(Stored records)

(* For every graph $G$, $\psi(G)\le\gamma_M(G)+\gamma(G)$.
   Context: All graphs are finite, simple, undirected and connected, with at least 2 vertices; $d(u,v)$ is the shortest-path distance. A set $S\subseteq V(G)$ is resolving if for all distinct $x,y$ there is $u\in S$ with $d(u,x)\ne d(u,y)$. $S$ is dominating if every vertex not in $S$ has a neighbor in $S$; $\gamma(G)$ is its minimum size. An MLD-set is a set both resolving and dominating; $\gamma_M(G)$ is its minimum size. A doubly resolving set is a set $S$ such that for every pair of distinct vertices $x,y$ there are $u,v\in S$ with $d(u,x)-d(u,y)\ne d(v,x)-d(v,y)$; $\psi(G)$ is its minimum size. *)

theory Defs
  imports Main
begin

fun walk :: "('a \<Rightarrow> 'a \<Rightarrow> bool) \<Rightarrow> 'a list \<Rightarrow> bool" where
  "walk E [] = False"
| "walk E [x] = True"
| "walk E (x # y # xs) = (E x y \<and> walk E (y # xs))"

definition conn_graph :: "'a set \<Rightarrow> ('a \<Rightarrow> 'a \<Rightarrow> bool) \<Rightarrow> bool" where
  "conn_graph V E \<longleftrightarrow> finite V \<and> card V \<ge> 2
     \<and> (\<forall>x y. E x y \<longrightarrow> x \<in> V \<and> y \<in> V)
     \<and> (\<forall>x y. E x y \<longrightarrow> E y x)
     \<and> (\<forall>x. \<not> E x x)
     \<and> (\<forall>x\<in>V. \<forall>y\<in>V. \<exists>p. walk E p \<and> hd p = x \<and> last p = y)"

definition gdist :: "('a \<Rightarrow> 'a \<Rightarrow> bool) \<Rightarrow> 'a \<Rightarrow> 'a \<Rightarrow> nat" where
  "gdist E x y = (LEAST n. \<exists>p. walk E p \<and> hd p = x \<and> last p = y \<and> length p = Suc n)"

definition resolving :: "'a set \<Rightarrow> ('a \<Rightarrow> 'a \<Rightarrow> bool) \<Rightarrow> 'a set \<Rightarrow> bool" where
  "resolving V E S \<longleftrightarrow> S \<subseteq> V \<and>
     (\<forall>x\<in>V. \<forall>y\<in>V. x \<noteq> y \<longrightarrow> (\<exists>u\<in>S. gdist E u x \<noteq> gdist E u y))"

definition dominating :: "'a set \<Rightarrow> ('a \<Rightarrow> 'a \<Rightarrow> bool) \<Rightarrow> 'a set \<Rightarrow> bool" where
  "dominating V E S \<longleftrightarrow> S \<subseteq> V \<and> (\<forall>x\<in>V - S. \<exists>u\<in>S. E x u)"

definition doubly_resolving :: "'a set \<Rightarrow> ('a \<Rightarrow> 'a \<Rightarrow> bool) \<Rightarrow> 'a set \<Rightarrow> bool" where
  "doubly_resolving V E S \<longleftrightarrow> S \<subseteq> V \<and>
     (\<forall>x\<in>V. \<forall>y\<in>V. x \<noteq> y \<longrightarrow> (\<exists>u\<in>S. \<exists>v\<in>S.
        int (gdist E u x) - int (gdist E u y) \<noteq> int (gdist E v x) - int (gdist E v y)))"

definition domination_number :: "'a set \<Rightarrow> ('a \<Rightarrow> 'a \<Rightarrow> bool) \<Rightarrow> nat" where
  "domination_number V E = (LEAST k. \<exists>S. dominating V E S \<and> card S = k)"

definition mld_number :: "'a set \<Rightarrow> ('a \<Rightarrow> 'a \<Rightarrow> bool) \<Rightarrow> nat" where
  "mld_number V E = (LEAST k. \<exists>S. resolving V E S \<and> dominating V E S \<and> card S = k)"

definition doubly_resolving_number :: "'a set \<Rightarrow> ('a \<Rightarrow> 'a \<Rightarrow> bool) \<Rightarrow> nat" where
  "doubly_resolving_number V E = (LEAST k. \<exists>S. doubly_resolving V E S \<and> card S = k)"

end

theory Submission
  imports Defs
begin

text \<open>Let \<open>S\<close> be a minimum MLD-set and \<open>D\<close> a minimum dominating set. For every
\<open>y \<in> S \<inter> D\<close> add one vertex \<open>x\<close> lying exactly one step farther than \<open>y\<close> from every
vertex of \<open>S \<union> D\<close>, if there is one; the result has at most \<open>|S| + |D|\<close> elements.
If it failed to doubly resolve \<open>x, y\<close>, then \<open>d(u,x) = d(u,y) + c\<close> on it for a constant
\<open>c \<noteq> 0\<close> (as \<open>S\<close> resolves), and by symmetry \<open>c > 0\<close>. A neighbour of \<open>x\<close> in \<open>S\<close> (resp. \<open>D\<close>) is then
strictly closer to \<open>y\<close> than to \<open>x\<close>, so it is \<open>y\<close> itself and \<open>c = 1\<close>. Thus \<open>y \<in> S \<inter> D\<close>
and \<open>x\<close> is a candidate for \<open>y\<close>; the vertex added for \<open>y\<close> has the same distances to
\<open>S\<close> as \<open>x\<close> but is different from \<open>x\<close>, contradicting that \<open>S\<close> resolves.\<close>

lemma gdist_self: "gdist E u u = 0"
proof -
  have "\<exists>p. walk E p \<and> hd p = u \<and> last p = u \<and> length p = Suc 0"
    by (rule exI[of _ "[u]"]) simp
  then have "gdist E u u \<le> 0" unfolding gdist_def by (rule Least_le)
  then show ?thesis by simp
qed

lemma gdist_le_1_if_adjacent: "E u v \<Longrightarrow> gdist E u v \<le> 1"
proof -
  assume "E u v"
  then have "\<exists>p. walk E p \<and> hd p = u \<and> last p = v \<and> length p = Suc 1"
    by (intro exI[of _ "[u, v]"]) simp
  then show ?thesis unfolding gdist_def by (rule Least_le)
qed

lemma gdist_eq_0_imp_eq:
  assumes "conn_graph V E" "u \<in> V" "v \<in> V" "gdist E u v = 0"
  shows "u = v"
proof -
  obtain p where "walk E p" "hd p = u" "last p = v"
    using assms(1-3) unfolding conn_graph_def by blast
  then have "\<exists>n p. walk E p \<and> hd p = u \<and> last p = v \<and> length p = Suc n"
    by (metis Suc_pred length_greater_0_conv walk.simps(1))
  from LeastI_ex[OF this] assms(4) obtain q
    where "walk E q" "hd q = u" "last q = v" "length q = Suc 0"
    unfolding gdist_def by auto
  then show ?thesis by (cases q) auto
qed

lemma conn_graph_adjacent_sym: "conn_graph V E \<Longrightarrow> E x y \<Longrightarrow> E y x"
  unfolding conn_graph_def by simp

lemma conn_graph_adjacent_in_vertices: "conn_graph V E \<Longrightarrow> E x y \<Longrightarrow> x \<in> V \<and> y \<in> V"
  unfolding conn_graph_def by simp

lemma neighbour_closer_to_other_vertex_eq:
  assumes "conn_graph V E" "E x s" "y \<in> V" "gdist E s y < gdist E s x"
  shows "s = y"
proof -
  have "s \<in> V" using conn_graph_adjacent_in_vertices[OF assms(1,2)] by simp
  have "gdist E s x \<le> 1"
    using gdist_le_1_if_adjacent[of E s x] conn_graph_adjacent_sym[OF assms(1,2)] by simp
  then have "gdist E s y = 0" using assms(4) by simp
  then show ?thesis using gdist_eq_0_imp_eq[OF assms(1) \<open>s \<in> V\<close> assms(3)] by simp
qed

lemma resolving_self:
  assumes "conn_graph V E"
  shows "resolving V E V"
  unfolding resolving_def
proof (intro conjI ballI impI)
  fix x y assume "x \<in> V" "y \<in> V" "x \<noteq> y"
  then have "gdist E x y \<noteq> gdist E x x"
    using gdist_eq_0_imp_eq[OF assms] gdist_self by metis
  then show "\<exists>u\<in>V. gdist E u x \<noteq> gdist E u y" using \<open>x \<in> V\<close> by metis
qed simp

lemma dominating_self: "dominating V E V"
  unfolding dominating_def by simp

lemma card_Un_image_Int_le:
  assumes "finite A" "finite B"
  shows "card (A \<union> B \<union> f ` (A \<inter> B)) \<le> card A + card B"
proof -
  have "card (A \<union> B \<union> f ` (A \<inter> B)) \<le> card (A \<union> B) + card (f ` (A \<inter> B))"
    by (rule card_Un_le)
  also have "\<dots> \<le> card (A \<union> B) + card (A \<inter> B)"
    using assms by (simp add: card_image_le)
  also have "\<dots> = card A + card B"
    using card_Un_Int[OF assms] by simp
  finally show ?thesis .
qed

definition shifted :: "('a \<Rightarrow> 'a \<Rightarrow> bool) \<Rightarrow> 'a set \<Rightarrow> 'a \<Rightarrow> 'a \<Rightarrow> bool" where
  "shifted E W y x \<longleftrightarrow> (\<forall>u\<in>W. gdist E u x = gdist E u y + 1)"

definition shift_vertex :: "'a set \<Rightarrow> ('a \<Rightarrow> 'a \<Rightarrow> bool) \<Rightarrow> 'a set \<Rightarrow> 'a \<Rightarrow> 'a" where
  "shift_vertex V E W y =
     (if \<exists>x\<in>V. shifted E W y x then SOME x. x \<in> V \<and> shifted E W y x else y)"

lemma shift_vertex_in_vertices: "y \<in> V \<Longrightarrow> shift_vertex V E W y \<in> V"
  unfolding shift_vertex_def using someI_ex[of "\<lambda>x. x \<in> V \<and> shifted E W y x"] by auto

lemma shift_vertex_shifted:
  "x \<in> V \<Longrightarrow> shifted E W y x \<Longrightarrow> shifted E W y (shift_vertex V E W y)"
  unfolding shift_vertex_def by (auto intro: someI2_ex)

lemma constant_positive_shift_impossible:
  assumes G: "conn_graph V E"
    and S: "resolving V E S" "dominating V E S"
    and D: "dominating V E D"
    and T: "T = S \<union> D \<union> shift_vertex V E (S \<union> D) ` (S \<inter> D)"
    and xy: "x \<in> V" "y \<in> V"
    and shift: "c > 0" "\<forall>u\<in>T. gdist E u x = gdist E u y + c"
  shows False
proof -
  have "x \<notin> T"
    using shift gdist_self[of E x] by fastforce
  have target: "s = y \<and> c = 1" if "s \<in> T" "E x s" for s
  proof -
    have "gdist E s x = gdist E s y + c" using shift that(1) by blast
    then have "s = y"
      using neighbour_closer_to_other_vertex_eq[OF G that(2) xy(2)] shift(1) by linarith
    moreover have "gdist E y x \<le> 1"
      using gdist_le_1_if_adjacent[of E s x] conn_graph_adjacent_sym[OF G that(2)] \<open>s = y\<close>
      by simp
    ultimately show ?thesis using \<open>gdist E s x = gdist E s y + c\<close> shift(1) gdist_self
      by simp
  qed
  obtain s d where "s \<in> S" "E x s" "d \<in> D" "E x d"
    using S(2) D \<open>x \<notin> T\<close> T xy(1) unfolding dominating_def by blast
  then have "y \<in> S \<inter> D" "c = 1" using target T by blast+
  then have "shifted E (S \<union> D) y x"
    using shift(2) T unfolding shifted_def by simp
  define z where "z = shift_vertex V E (S \<union> D) y"
  have "z \<in> V" "shifted E (S \<union> D) y z"
    unfolding z_def using shift_vertex_in_vertices shift_vertex_shifted xy
      \<open>shifted E (S \<union> D) y x\<close> by metis+
  have "z \<noteq> x" using \<open>x \<notin> T\<close> \<open>y \<in> S \<inter> D\<close> T z_def by blast
  then obtain u where "u \<in> S" "gdist E u x \<noteq> gdist E u z"
    using S(1) xy(1) \<open>z \<in> V\<close> unfolding resolving_def by metis
  then show False
    using \<open>shifted E (S \<union> D) y x\<close> \<open>shifted E (S \<union> D) y z\<close> unfolding shifted_def by simp
qed

lemma doubly_resolving_extension:
  assumes G: "conn_graph V E"
    and S: "resolving V E S" "dominating V E S"
    and D: "dominating V E D"
  shows "doubly_resolving V E (S \<union> D \<union> shift_vertex V E (S \<union> D) ` (S \<inter> D))"
    (is "doubly_resolving V E ?T")
  unfolding doubly_resolving_def
proof (intro conjI ballI impI)
  have "S \<subseteq> V" "D \<subseteq> V" using S(2) D unfolding dominating_def by simp_all
  then show "?T \<subseteq> V" by (auto intro: shift_vertex_in_vertices)
  fix x y assume xy: "x \<in> V" "y \<in> V" "x \<noteq> y"
  show "\<exists>u\<in>?T. \<exists>v\<in>?T. int (gdist E u x) - int (gdist E u y) \<noteq> int (gdist E v x) - int (gdist E v y)"
  proof (rule ccontr)
    assume const: "\<not> ?thesis"
    obtain u0 where "u0 \<in> S" "gdist E u0 x \<noteq> gdist E u0 y"
      using S(1) xy unfolding resolving_def by blast
    define c where "c = int (gdist E u0 x) - int (gdist E u0 y)"
    have "c \<noteq> 0" using \<open>gdist E u0 x \<noteq> gdist E u0 y\<close> unfolding c_def by simp
    have all: "int (gdist E u x) = int (gdist E u y) + c" if "u \<in> ?T" for u
    proof -
      have "u0 \<in> ?T" using \<open>u0 \<in> S\<close> by blast
      then have "int (gdist E u x) - int (gdist E u y) = c"
        using const that unfolding c_def by blast
      then show ?thesis by linarith
    qed
    consider "c > 0" | "c < 0" using \<open>c \<noteq> 0\<close> by linarith
    then show False
    proof cases
      case 1
      have "\<forall>u\<in>?T. gdist E u x = gdist E u y + nat c"
      proof
        fix u assume "u \<in> ?T"
        from all[OF this] 1 show "gdist E u x = gdist E u y + nat c" by arith
      qed
      moreover have "nat c > 0" using 1 by simp
      ultimately show False
        using constant_positive_shift_impossible[OF G S D refl xy(1,2)] by blast
    next
      case 2
      have "\<forall>u\<in>?T. gdist E u y = gdist E u x + nat (- c)"
      proof
        fix u assume "u \<in> ?T"
        from all[OF this] 2 show "gdist E u y = gdist E u x + nat (- c)" by arith
      qed
      moreover have "nat (- c) > 0" using 2 by simp
      ultimately show False
        using constant_positive_shift_impossible[OF G S D refl xy(2,1)] by blast
    qed
  qed
qed

theorem theorem12:
  assumes "conn_graph V E"
  shows "doubly_resolving_number V E \<le> mld_number V E + domination_number V E"
proof -
  obtain S where S: "resolving V E S" "dominating V E S" "card S = mld_number V E"
    using LeastI_ex[of "\<lambda>k. \<exists>S. resolving V E S \<and> dominating V E S \<and> card S = k"]
      resolving_self[OF assms] dominating_self
    unfolding mld_number_def by blast
  obtain D where D: "dominating V E D" "card D = domination_number V E"
    using LeastI_ex[of "\<lambda>k. \<exists>S. dominating V E S \<and> card S = k"] dominating_self
    unfolding domination_number_def by blast
  let ?T = "S \<union> D \<union> shift_vertex V E (S \<union> D) ` (S \<inter> D)"
  have "finite S" "finite D"
    using assms S(2) D(1) finite_subset unfolding conn_graph_def dominating_def by blast+
  have "doubly_resolving_number V E \<le> card ?T"
    unfolding doubly_resolving_number_def
    using doubly_resolving_extension[OF assms S(1,2) D(1)] by (intro Least_le) blast
  also have "\<dots> \<le> card S + card D"
    using card_Un_image_Int_le \<open>finite S\<close> \<open>finite D\<close> by blast
  finally show ?thesis using S(3) D(2) by simp
qed

end
(* For every $\varepsilon>0$, with $\mathcal D_\varepsilon$ the value defined in the context, $\mathrm{ALG}\le\frac{2+\varepsilon}{\varepsilon}\,\mathcal D_\varepsilon$.
   Context: Network. $S,T,R,D$ are pairwise disjoint finite sets (sources, transmitters, receivers, destinations). Each transmitter $t\in T$ is attached to a source $s(t)\in S$ via a link of integer delay $d(s(t),t)\ge 0$; each receiver $r\in R$ is attached to a destination $d(r)\in D$ via a link of integer delay $d(r,d(r))\ge 0$. A set $E_R\subseteq T\times R$ of reconfigurable edges is given, each $e\in E_R$ with integer delay $d(e)\ge 1$. A set $E_\ell\subseteq S\times D$ of fixed links is given, each with integer delay $\ge0$. Two edges of $E_R$ are adjacent if they share a transmitter or a receiver (an edge is adjacent to itself). Packets. $\Pi$ is a finite set of unit-size packets; packet $p$ has weight $w_p>0$, release time $r_p\in\mathbb Z_{\ge1}$, source $s_p$, destination $d_p$. Let $E(p)=\{(t,r)\in E_R: s(t)=s_p,\ d(r)=d_p\}$; assume $E(p)\neq\emptyset$ for all $p$. $\Pi_\ell$ is the set of packets with $(s_p,d_p)\in E_\ell$, and $\ell_p:=d(s_p,d_p)$ for them. Fix a total order $\prec$ on $\Pi$ with $r_p<r_q\Rightarrow p\prec q$. Algorithm ALG. Packets are processed in the order $\prec$; $p$ is processed at time $r_p$, before transmission step $r_p$. A packet assigned to a reconfigurable edge $e$ is split into $d(e)$ chunks of weight $w_p/d(e)$ assigned to $e$; $p(c)$, $w_c$, $e(c)$ denote the packet, weight and edge of chunk $c$. A chunk is pending until transmitted; $W(C)$ is the total weight of a set $C$ of chunks. When $p$ is processed, $B(p)$ is the set of pending chunks of packets $p'\prec p$; for $e=(t,r)\in E(p)$, $\mathrm{Adj}(p,e)$ = chunks of $B(p)$ whose edge is adjacent to $e$, $H(p,e)=\{c\in\mathrm{Adj}(p,e):w_c\ge w_p/d(e)\}$, $L(p,e)=\mathrm{Adj}(p,e)\setminus H(p,e)$, and $\mathrm{imp}(p,e)=w_p(d(s_p,t)+\frac{d(e)+1}{2}+d(r,d_p))+w_p|H(p,e)|+d(e)W(L(p,e))$. With $e^*\in\arg\min_{e\in E(p)}\mathrm{imp}(p,e)$: if $p\in\Pi_\ell$ and $w_p\ell_p\le\mathrm{imp}(p,e^* )$, $p$ is sent over its fixed link (latency $w_p\ell_p$); otherwise $p$ is assigned to $e(p):=e^*$ and split into chunks. Scheduler: at each integer $\tau\ge1$, build $M_\tau$ greedily over pending chunks in order of decreasing weight (ties by $\prec$ on packets, then arbitrary), adding $c$ iff no chunk already in $M_\tau$ has an edge adjacent to $e(c)$; chunks of $M_\tau$ are transmitted at step $\tau$. If chunk $c$ of $p$ is transmitted at step $\tau_c$ via $e(p)=(t,r)$, its completion time is $f_c=\tau_c+1+d(s_p,t)+d(r,d_p)$, and $c$ is active at integer times $\tau$ with $r_p\le\tau<f_c$. The cost is $\mathrm{ALG}=\sum_{p\text{ sent on fixed link}}w_p\ell_p+\sum_{\text{chunks }c}w_c(f_c-r_{p(c)})$. Dual assignment: $\alpha_p=w_p\ell_p$ if $p$ is sent over its fixed link, and $\alpha_p=\mathrm{imp}(p,e(p))$ (computed when $p$ is processed) otherwise; for $t\in T$ and integer $\tau\ge1$, $\beta_{t,\tau}$ is the total weight of chunks active at $\tau$ whose edge has transmitter $t$, and $\beta_{r,\tau}$ ($r\in R$) likewise with receiver $r$. For $\varepsilon>0$ define $$\mathcal D_\varepsilon=\sum_{p\in\Pi}\alpha_p-\frac{1}{2+\varepsilon}\Big(\sum_{t\in T}\sum_{\tau\ge1}\beta_{t,\tau}+\sum_{r\in R}\sum_{\tau\ge1}\beta_{r,\tau}\Big).$$ *)

theory Defs
  imports "HOL-Analysis.Analysis"
begin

- _Problem to work on_
Supply the number of lines above that contain the word "forall", and nothing else.

- _Output for this exercise_
11